Now we need to associate the new hot-warm-cold-delete-60days policy to the Beats and Logstash indexes, and ensure that they are writing to the hot data nodes. Since Beats and Logstash both (by default) manage their own templates, we will use multiple template matching to add the policy and allocation rules for the index patterns you wish to apply the ILM policy. Since this template matches the Beats and Logstash index patterns you will need to know which index patterns you want to match on. Here we use logstash-, metricbeat-, and filebeat-*, you can add as many you like here assuming that Beats and Logstash have ILM support enabled in their configuration. If you add index patterns here for data producers that don't support ILM you will need to manually meet the requirements for the rollover in this policy.

PUT _template/hot-warm-cold-delete-60days-template
{
  "order": 10,
  "index_patterns": ["logstash-*", "metricbeat-*", "filebeat-*"],
  "settings": {
    "index.routing.allocation.require.data": "hot",
    "index.lifecycle.name": "hot-warm-cold-delete-60days"
  }
}

Enabling ILM in Beats and/or Logstash

Finally let's turn on ILM for Beats and Logstash.

For 6.7 Beats:

output.elasticsearch:
  ilm.enabled: true

For 6.7 Logstash:

output {
  elasticsearch {  
    ilm_enabled => true
  }
}

Please refer to the respective version of documentation for how to enable in Beats and Logstash as it may change in newer versions.

Now any new index that matches the index patterns will create the new indexes on the hot nodes and ILM will apply the hot-warm-cold-delete-60days policy.

Updating your ILM policy

You can update the ILM policy at any time… However, the changes you make to the policy will only be only applied when the phase changes.

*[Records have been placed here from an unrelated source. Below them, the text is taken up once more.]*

(* Let $\nu\in\mathbb{R}$ and let $(u_1,u_2,u_3)$ satisfy $-\nu<u_3<u_2<u_1$. Put $\gamma=u_1+u_2+u_3+2\nu$. Then for all $i\neq j$ in $\{1,2,3\}$ with $\lambda_i(u_1,u_2,u_3)\neq\lambda_j(u_1,u_2,u_3)$, $$\frac{\partial\lambda_i/\partial u_j}{\lambda_i-\lambda_j}=\frac12\,\frac{(\lambda_i-\gamma)-2(u_i-u_j)}{(\lambda_j-\gamma)(u_i-u_j)}.$$
   Context: For $-\nu<u_3<u_2<u_1$ define $$I(u_1,u_2,u_3)=\int_{u_3}^{u_2}\frac{\eta+\nu}{\sqrt{(\eta+\nu)(u_1-\eta)(u_2-\eta)(\eta-u_3)}}\,d\eta,$$ and for $i=1,2,3$ $$\lambda_i(u_1,u_2,u_3)=u_1+u_2+u_3+2\nu-\frac{I}{\partial I/\partial u_i}.$$ These $\lambda_i$ are the characteristic speeds of the single phase Whitham equations for the Camassa–Holm equation. *)

theory Defs
  imports "HOL-Analysis.Analysis"
begin

text \<open>The integral I(u1,u2,u3) (convergent improper integral, taken as a
  Henstock-Kurzweil integral over the closed interval; endpoints are a null set).\<close>
definition Iint :: "real \<Rightarrow> real \<Rightarrow> real \<Rightarrow> real \<Rightarrow> real" where
  "Iint \<nu> u1 u2 u3 = integral {u3..u2}
     (\<lambda>\<eta>. (\<eta> + \<nu>) / sqrt ((\<eta> + \<nu>) * (u1 - \<eta>) * (u2 - \<eta>) * (\<eta> - u3)))"

definition Ivec :: "real \<Rightarrow> (nat \<Rightarrow> real) \<Rightarrow> real" where
  "Ivec \<nu> u = Iint \<nu> (u 1) (u 2) (u 3)"

definition pderiv_at :: "((nat \<Rightarrow> real) \<Rightarrow> real) \<Rightarrow> (nat \<Rightarrow> real) \<Rightarrow> nat \<Rightarrow> real" where
  "pderiv_at F u i = deriv (\<lambda>t. F (u(i := t))) (u i)"

definition lam :: "real \<Rightarrow> (nat \<Rightarrow> real) \<Rightarrow> nat \<Rightarrow> real" where
  "lam \<nu> u i = u 1 + u 2 + u 3 + 2 * \<nu> - Ivec \<nu> u / pderiv_at (Ivec \<nu>) u i"

end

theory Submission
  imports Defs
begin

text \<open>After the substitution \<open>\<eta> = u\<^sub>3 + (u\<^sub>2 - u\<^sub>3) sin\<^sup>2 \<theta>\<close> the integral becomes
  \<open>J(u) = \<integral> 2 \<surd>(\<eta> + \<nu>) / \<surd>(u\<^sub>1 - \<eta>) d\<theta>\<close> over \<open>[0, \<pi>/2]\<close>, whose integrand is smooth
  in \<open>u\<close> and \<open>\<theta>\<close>, so it may be differentiated under the integral sign. As \<open>\<lambda>\<^sub>i = \<gamma> - J / \<partial>\<^sub>iJ\<close>, differentiating in
  \<open>u\<^sub>j\<close> reduces the claim to an identity of rational functions in \<open>J, \<partial>\<^sub>iJ, \<partial>\<^sub>jJ, \<partial>\<^sub>i\<partial>\<^sub>jJ\<close>
  which holds because \<open>J\<close> satisfies the Euler-Poisson-Darboux equation
  \<open>2 (u\<^sub>i - u\<^sub>j) \<partial>\<^sub>i\<partial>\<^sub>jJ = \<partial>\<^sub>iJ - \<partial>\<^sub>jJ\<close>. This equation already holds for the integrands up to
  the \<open>\<theta>\<close>-derivative of \<open>sin \<theta> cos \<theta> G(\<eta>)\<close>, which vanishes at both ends of \<open>[0, \<pi>/2]\<close>.
  The denominators \<open>\<partial>\<^sub>kJ\<close> do not vanish because their integrands have a fixed sign.\<close>

definition wpow :: "real \<Rightarrow> real \<Rightarrow> real \<Rightarrow> real \<Rightarrow> real \<Rightarrow> real" where
  "wpow \<nu> a b x e = (e + \<nu>) powr a * (x - e) powr b"

lemma wpow_pos: "e + \<nu> > 0 \<Longrightarrow> x - e > 0 \<Longrightarrow> wpow \<nu> a b x e > 0"
  by (simp add: wpow_def)

lemma wpow_succ: "x - e > 0 \<Longrightarrow> wpow \<nu> a (b + 1) x e = (x - e) * wpow \<nu> a b x e"
  by (simp add: wpow_def powr_add mult_ac)

lemma has_real_derivative_wpow_x:
  assumes "e + \<nu> > 0" "x - e > 0"
  shows "((\<lambda>x. wpow \<nu> a b x e) has_real_derivative b * wpow \<nu> a (b - 1) x e) (at x)"
  using assms unfolding wpow_def
  by (auto intro!: derivative_eq_intros simp: powr_diff mult_ac)

lemma has_real_derivative_wpow_e:
  assumes "e + \<nu> > 0" "x - e > 0"
  shows "((\<lambda>e. wpow \<nu> a b x e) has_real_derivative
           a * wpow \<nu> (a - 1) b x e - b * wpow \<nu> a (b - 1) x e) (at e)"
  using assms unfolding wpow_def
  by (auto intro!: derivative_eq_intros simp: powr_diff mult_ac)

lemma continuous_on_wpow:
  assumes "continuous_on S X" "continuous_on S E" "\<forall>p \<in> S. E p + \<nu> > 0 \<and> X p - E p > 0"
  shows "continuous_on S (\<lambda>p. wpow \<nu> a b (X p) (E p))"
  unfolding wpow_def using assms(3) by (intro continuous_intros assms(1,2)) force+
lemma cot_unbounded: "\<exists>t\<in>{0<..<pi/2}. M < cot t"
proof
  let ?t = "pi/2 - arctan (\<bar>M\<bar> + 1)"
  show "?t \<in> {0<..<pi/2}"
    using arctan_ubound[of "\<bar>M\<bar> + 1"] by auto
  show "M < cot ?t"
    using tan_cot'[of ?t] by (simp add: tan_arctan)
qed

lemma takahashi_fun_unbounded_below:
  assumes "L > 0" "U > 0"
  shows "\<exists>x\<in>branch_interval L l. takahashi_fun U L x < M"
proof -
  obtain t where t: "t \<in> {0<..<pi/2}" "4 * (\<bar>M\<bar> + 1) / U < cot t"
    using cot_unbounded by blast
  define x where "x = (real l - 1) * (2 * pi / real L) + 2 * t / real L"
  have half: "x * real L / 2 = t + of_int (int l - 1) * pi"
    using assms(1) by (simp add: x_def field_simps)
  have "x \<in> branch_interval L l"
    using t unfolding mem_branch_interval_iff[OF assms(1)] half by (auto simp: algebra_simps)
  moreover have "takahashi_fun U L x < M"
  proof -
    have "\<bar>M\<bar> + 1 < U / 4 * cot t"
      using t(2) assms(2) by (simp add: field_simps)
    moreover have "takahashi_fun U L x = sin x - U / 4 * cot t"
      unfolding takahashi_fun_def half cot_periodic_int ..
    ultimately show ?thesis
      using sin_le_one[of x] by linarith
  qed
  ultimately show ?thesis by blast
qed

lemma takahashi_fun_unbounded_above:
  assumes "L > 0" "U > 0"
  shows "\<exists>x\<in>branch_interval L l. M < takahashi_fun U L x"
proof -
  obtain t where t: "t \<in> {0<..<pi/2}" "4 * (\<bar>M\<bar> + 1) / U < cot t"
    using cot_unbounded by blast
  define x where "x = real l * (2 * pi / real L) - 2 * t / real L"
  have half: "x * real L / 2 = - t + of_int (int l) * pi"
    using assms(1) by (simp add: x_def field_simps)
  have "x \<in> branch_interval L l"
    using t unfolding mem_branch_interval_iff[OF assms(1)] half by (auto simp: algebra_simps)
  moreover have "M < takahashi_fun U L x"
  proof -
    have "\<bar>M\<bar> + 1 < U / 4 * cot t"
      using t(2) assms(2) by (simp add: field_simps)
    moreover have "takahashi_fun U L x = sin x + U / 4 * cot t"
      unfolding takahashi_fun_def half cot_periodic_int by simp
    ultimately show ?thesis
      using sin_ge_minus_one[of x] by linarith
  qed
  ultimately show ?thesis by blast
qed

locale takahashi_condition =
  fixes U :: real and L :: nat
  assumes L_pos: "0 < L" and U_pos: "0 < U" and UL_gt_8: "8 < U * real L"
begin

lemma takahashi_fun_DERIV_on_branch_interval:
  assumes "x \<in> branch_interval L l"
  shows "(takahashi_fun U L has_real_derivative takahashi_deriv U L x) (at x)"
    and "0 < takahashi_deriv U L x"
  using sin_nonzero_on_branch_interval[OF L_pos assms]
  by (simp_all add: takahashi_fun_has_real_derivative takahashi_deriv_pos UL_gt_8)

lemmas takahashi_fun_DERIV_on_Ioo =
  takahashi_fun_DERIV_on_branch_interval[unfolded branch_interval_def]

lemma strict_mono_on_branch_interval:
  "strict_mono_on (branch_interval L l) (takahashi_fun U L)"
  unfolding branch_interval_def using takahashi_fun_DERIV_on_Ioo
  by (rule DERIV_pos_imp_strict_mono_on_Ioo)

lemma takahashi_fun_image_branch_interval:
  "takahashi_fun U L ` branch_interval L l = UNIV"
proof -
  have "continuous_on (branch_interval L l) (takahashi_fun U L)"
    using takahashi_fun_DERIV_on_branch_interval(1)[THEN DERIV_isCont]
    by (intro continuous_at_imp_continuous_on) blast
  then show ?thesis
    using takahashi_fun_unbounded_below[OF L_pos U_pos] takahashi_fun_unbounded_above[OF L_pos U_pos]
    unfolding branch_interval_def by (rule continuous_on_Ioo_unbounded_surj)
qed

definition branch :: "nat \<Rightarrow> real \<Rightarrow> real" where
  "branch l = inv_into (branch_interval L l) (takahashi_fun U L)"

lemma branch_mem: "branch l \<Lambda> \<in> branch_interval L l"
  unfolding branch_def using takahashi_fun_image_branch_interval by (auto intro: inv_into_into)

lemma takahashi_fun_branch: "takahashi_fun U L (branch l \<Lambda>) = \<Lambda>"
  unfolding branch_def using takahashi_fun_image_branch_interval by (auto intro: f_inv_into_f)

lemmas strict_mono_on_Ioo = strict_mono_on_branch_interval[unfolded branch_interval_def]
lemmas branch_mem_Ioo = branch_mem[unfolded branch_interval_def]

lemma branch_has_positive_derivative:
  "\<exists>D. (branch l has_real_derivative D) (at \<Lambda>) \<and> 0 < D"
proof -
  have pos: "0 < takahashi_deriv U L (branch l \<Lambda>)"
    using takahashi_fun_DERIV_on_branch_interval(2)[OF branch_mem] .
  have "(branch l has_real_derivative inverse (takahashi_deriv U L (branch l \<Lambda>))) (at \<Lambda>)"
    using strict_mono_on_inverse_has_real_derivative[where g = "branch l",
        OF takahashi_fun_DERIV_on_Ioo(1) _ strict_mono_on_Ioo branch_mem_Ioo takahashi_fun_branch] pos
    by (simp add: dual_order.strict_implies_not_eq)
  with pos show ?thesis
    by (intro exI[of _ "inverse (takahashi_deriv U L (branch l \<Lambda>))"]) simp
qed

lemma branch_tendsto_at_bot: "(branch l \<longlongrightarrow> (real l - 1) * (2*pi / real L)) at_bot"
  using strict_mono_on_inverse_tendsto_at_bot[where g = "branch l",
      OF strict_mono_on_Ioo branch_mem_Ioo takahashi_fun_branch] .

For example, if your index is currently in the hot phase (and waiting for the warm phase), any changes you make to the hot phase will not not take effect for that index, but any changes to the warm phase will get picked up once it enters that phase. This is done to prevent repeating the actions for a given phase. You can view the ILM state for the index via the explain API.

Much of the prior information for how to achieve hot-warm architecture pre-ILM still applies since it uses the same underlying mechanics. However, now with ILM, Curator isn't needed to achieve this pattern.

Looking forward

Starting with version 7.0, Beats and Logstash use index lifecycle management by default when they connect to a cluster that supports lifecycle management. Beats has also moved most ILM settings from the output.elasticsearch.ilm namespace to the setup.ilm namespace. For example, see the 7.0 Filebeat documentation. Also starting with 7.0 system indexes such as .watcher-history-* may be managed by ILM.

ILM makes it easy to implement a cost-saving architecture like hot-warm-cold for your time series indices. Try it out today, and let us know what you think on our Discuss forums. Enjoy!